_Problem statement_. From the records below, copy out exactly the lines from the one containing "E C \<noteq>" to the one containing "add: cutset_def cost_def)", both included. Add nothing else.

Collected data:
lemma component_of_min_cutset:
  assumes min: "is_min_cutset V E T c S F" and S: "proper_terminal_subset T S"
    and C: "C \<in> CC V E F"
  shows "proper_terminal_subset T (C \<inter> T)" and "is_min_cutset V E T c (C \<inter> T) (cutset E C)"
proof -
  obtain x where x: "x \<in> V" "x \<in> C" "C = component V E F x" using C by (rule CCE)
  have "S \<subseteq> T" using S by (simp add: proper_terminal_subset_def)
  obtain W where W: "separating V T S W" "F = cutset E W" "x \<in> W"
    using min \<open>S \<subseteq> T\<close> x(1) by (rule min_cutset_side)
  have CW: "C \<subseteq> W" unfolding x(3) W(2) using W(3) by (rule component_subset_if_cutset_subset[OF order_refl])
  have C_min: "\<forall>X. X \<subseteq> V \<longrightarrow> X \<inter> T = C \<inter> T \<longrightarrow> cost c (cutset E C) \<le> cost c (cutset E X)"
    using cost_component_cutset_le[OF min[unfolded W(2)] W(1) C[unfolded W(2)] CW] by blast
  obtain t where t: "t \<in> T - W"
    using W(1) S unfolding separating_def proper_terminal_subset_def by blast
  have "cutset E C \<noteq> {}"
    using x t CW terminals by (intro cutset_nonempty[of x _ t]) auto
  then have "cost c (cutset E C) > 0" by (rule cost_cutset_pos)
  moreover have "cost c (cutset E {}) = 0" by (simp add: cutset_def cost_def)
  ultimately have "C \<inter> T \<noteq> {}" using C_min by (metis empty_subsetI inf_bot_left not_le)
  moreover have "C \<inter> T \<noteq> T" using t CW by blast
  ultimately show "proper_terminal_subset T (C \<inter> T)"
    unfolding proper_terminal_subset_def by blast
  show "is_min_cutset V E T c (C \<inter> T) (cutset E C)"
    using CC_subset[OF C] C_min by (rule is_min_cutsetI)
qed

_Exercise output_.
  have "cutset E C \<noteq> {}"
    using x t CW terminals by (intro cutset_nonempty[of x _ t]) auto
  then have "cost c (cutset E C) > 0" by (rule cost_cutset_pos)
  moreover have "cost c (cutset E {}) = 0" by (simp add: cutset_def cost_def)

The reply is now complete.